lemma controlled_solutions_comparison:
  fixes \<phi> :: "'a::euclidean_space \<Rightarrow> ereal" and \<zeta>1 \<zeta>2 v1 v2 g1 g2 :: "real \<Rightarrow> 'a"
    and \<alpha>1 \<alpha>2 :: "real \<Rightarrow> real"
  defines "k \<equiv> \<lambda>\<tau>. \<bar>1 / \<alpha>1 \<tau> - 1 / \<alpha>2 \<tau>\<bar> + norm (g1 \<tau> - g2 \<tau>)"
  assumes proper: "proper_fun \<phi>"
    and controlled: "controlled_solution \<phi> D C \<alpha>0 \<alpha>1 g1 \<zeta>1 v1" "controlled_solution \<phi> D C \<alpha>0 \<alpha>2 g2 \<zeta>2 v2"
    and \<alpha>0: "\<alpha>0 > 0" and CD: "0 \<le> C" "0 \<le> D" and L: "C + D * C \<le> L" "1 / \<alpha>0 \<le> L"
    and lipschitz: "K1-lipschitz_on {0..} \<zeta>1" "K2-lipschitz_on {0..} \<zeta>2"
    and primitive1: "\<And>s t. 0 \<le> s \<Longrightarrow> s \<le> t \<Longrightarrow> (v1 has_integral (\<zeta>1 t - \<zeta>1 s)) {s..t}"
    and primitive2: "\<And>s t. 0 \<le> s \<Longrightarrow> s \<le> t \<Longrightarrow> (v2 has_integral (\<zeta>2 t - \<zeta>2 s)) {s..t}"
    and k_integrable: "\<And>t. k integrable_on {0..t}"
    and t: "t \<ge> 0"
  shows "norm (\<zeta>1 t - \<zeta>2 t) \<le> norm (\<zeta>1 0 - \<zeta>2 0) + L * integral {0..t} k"
proof -
  have L_nonneg: "0 \<le> L" using L(2) \<alpha>0 by (meson less_imp_le order_trans zero_le_divide_1_iff)
  have pointwise: "AE x in lborel. x > 0 \<longrightarrow>
      (v1 x - v2 x) \<bullet> (\<zeta>1 x - \<zeta>2 x) \<le> norm (\<zeta>1 x - \<zeta>2 x) * (L * k x) \<and>
      norm (v1 x - v2 x) \<le> 2 * ((C + D * C) / \<alpha>0) \<and> L * k x \<le> L * (2 / \<alpha>0 + 2 * C)"
    unfolding k_def by (rule controlled_solutions_pointwise[OF proper controlled \<alpha>0 L])
  have "norm (\<zeta>1 t - \<zeta>2 t) \<le> norm (\<zeta>1 0 - \<zeta>2 0) + integral {0..t} (\<lambda>\<tau>. L * k \<tau>)"
  proof (rule norm_growth_bound[OF lipschitz_on_diff[OF lipschitz] _ _ _ _ _ pointwise t])
    show "((\<lambda>x. v1 x - v2 x) has_integral (\<zeta>1 t - \<zeta>2 t) - (\<zeta>1 s - \<zeta>2 s)) {s..t}" if "0 \<le> s" "s \<le> t" for s t
      using has_integral_diff[OF primitive1[OF that] primitive2[OF that]] by (simp add: algebra_simps)
  qed (use k_integrable L_nonneg \<alpha>0 CD in \<open>auto simp: k_def intro: integrable_on_mult_right\<close>)
  then show ?thesis by simp
qed

theorem proposition3p4:
  fixes D C \<alpha>0 :: real
  assumes "D > 0" "C > 0" "\<alpha>0 > 0"
  shows "\<exists>L. \<forall>(\<phi> :: 'a::euclidean_space \<Rightarrow> ereal) \<zeta>1 \<zeta>2 v1 v2 \<alpha>1 \<alpha>2 g1 g2 \<zeta>01 \<zeta>02.
     proper_fun \<phi> \<and> convex_fun \<phi> \<and> lsc_fun \<phi> \<and> property_X \<phi> D \<and>
     \<zeta>01 \<in> DC_set \<phi> C \<and> \<zeta>02 \<in> DC_set \<phi> C \<and>
     Linf_loc \<alpha>1 \<and> Linf_loc \<alpha>2 \<and>
     (AE t in lborel. t > 0 \<longrightarrow> \<alpha>1 t \<ge> \<alpha>0) \<and> (AE t in lborel. t > 0 \<longrightarrow> \<alpha>2 t \<ge> \<alpha>0) \<and>
     set_borel_measurable lborel {0<..} g1 \<and> set_borel_measurable lborel {0<..} g2 \<and>
     (AE t in lborel. t > 0 \<longrightarrow> norm (g1 t) \<le> C) \<and> (AE t in lborel. t > 0 \<longrightarrow> norm (g2 t) \<le> C) \<and>
     W1inf \<zeta>1 \<and> W1inf \<zeta>2 \<and>
     is_solution \<phi> \<alpha>1 g1 \<zeta>01 \<zeta>1 v1 \<and> is_solution \<phi> \<alpha>2 g2 \<zeta>02 \<zeta>2 v2
     \<longrightarrow> (\<forall>t>0. norm (\<zeta>1 t - \<zeta>2 t) \<le> norm (\<zeta>01 - \<zeta>02) +
            L * (LINT \<tau>:{0..t}|lborel. \<bar>1 / \<alpha>1 \<tau> - 1 / \<alpha>2 \<tau>\<bar> + norm (g1 \<tau> - g2 \<tau>)))"
proof (intro exI[of _ "max (C + D * C) (1 / \<alpha>0)"] allI impI, elim conjE, goal_cases)
  case (1 \<phi> \<zeta>1 \<zeta>2 v1 v2 \<alpha>1 \<alpha>2 g1 g2 \<zeta>01 \<zeta>02 t)
  let ?k = "\<lambda>\<tau>. \<bar>1 / \<alpha>1 \<tau> - 1 / \<alpha>2 \<tau>\<bar> + norm (g1 \<tau> - g2 \<tau>)"
  have controlled: "controlled_solution \<phi> D C \<alpha>0 \<alpha>1 g1 \<zeta>1 v1" "controlled_solution \<phi> D C \<alpha>0 \<alpha>2 g2 \<zeta>2 v2"
    by (rule controlled_solution_of_property_X[OF \<open>property_X \<phi> D\<close> \<open>C > 0\<close> \<open>\<alpha>0 > 0\<close>]; fact 1)+
  obtain K1 K2 where lipschitz: "K1-lipschitz_on {0..} \<zeta>1" "K2-lipschitz_on {0..} \<zeta>2"
    using \<open>W1inf \<zeta>1\<close> \<open>W1inf \<zeta>2\<close> unfolding W1inf_def by blast
  have k_integrable: "set_integrable lborel {0..T} ?k" for T
    by (rule forcing_difference_integrable[OF \<open>\<alpha>0 > 0\<close>]; fact 1)
  have initial1: "\<zeta>1 0 = \<zeta>01"
    using \<open>is_solution \<phi> \<alpha>1 g1 \<zeta>01 \<zeta>1 v1\<close> unfolding is_solution_def by (rule conjunct1)
  have initial2: "\<zeta>2 0 = \<zeta>02"
    using \<open>is_solution \<phi> \<alpha>2 g2 \<zeta>02 \<zeta>2 v2\<close> unfolding is_solution_def by (rule conjunct1)
  have "norm (\<zeta>1 t - \<zeta>2 t) \<le> norm (\<zeta>1 0 - \<zeta>2 0) + max (C + D * C) (1 / \<alpha>0) * integral {0..t} ?k"
  proof (rule controlled_solutions_comparison[OF \<open>proper_fun \<phi>\<close> controlled \<open>\<alpha>0 > 0\<close> _ _ _ _ lipschitz])
    show "(v1 has_integral \<zeta>1 t' - \<zeta>1 s) {s..t'}" "(v2 has_integral \<zeta>2 t' - \<zeta>2 s) {s..t'}"
      if "0 \<le> s" "s \<le> t'" for s t'
      using solution_increment_has_integral[OF \<open>is_solution \<phi> \<alpha>1 g1 \<zeta>01 \<zeta>1 v1\<close> that]
        solution_increment_has_integral[OF \<open>is_solution \<phi> \<alpha>2 g2 \<zeta>02 \<zeta>2 v2\<close> that] by blast+
    show "?k integrable_on {0..t'}" for t'
      using set_borel_integral_eq_integral(1)[OF k_integrable] .
  qed (use assms \<open>t > 0\<close> in auto)
  then show ?case
    using set_borel_integral_eq_integral(2)[OF k_integrable] initial1 initial2 by simp
qed

end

■ ■ ■

(Work task) The requested lines run from the one with "0) + max (C" through the last line of the records. Return them exactly.

(Response to the exercise)
  have "norm (\<zeta>1 t - \<zeta>2 t) \<le> norm (\<zeta>1 0 - \<zeta>2 0) + max (C + D * C) (1 / \<alpha>0) * integral {0..t} ?k"
  proof (rule controlled_solutions_comparison[OF \<open>proper_fun \<phi>\<close> controlled \<open>\<alpha>0 > 0\<close> _ _ _ _ lipschitz])
    show "(v1 has_integral \<zeta>1 t' - \<zeta>1 s) {s..t'}" "(v2 has_integral \<zeta>2 t' - \<zeta>2 s) {s..t'}"
      if "0 \<le> s" "s \<le> t'" for s t'
      using solution_increment_has_integral[OF \<open>is_solution \<phi> \<alpha>1 g1 \<zeta>01 \<zeta>1 v1\<close> that]
        solution_increment_has_integral[OF \<open>is_solution \<phi> \<alpha>2 g2 \<zeta>02 \<zeta>2 v2\<close> that] by blast+
    show "?k integrable_on {0..t'}" for t'
      using set_borel_integral_eq_integral(1)[OF k_integrable] .
  qed (use assms \<open>t > 0\<close> in auto)
  then show ?case
    using set_borel_integral_eq_integral(2)[OF k_integrable] initial1 initial2 by simp
qed

end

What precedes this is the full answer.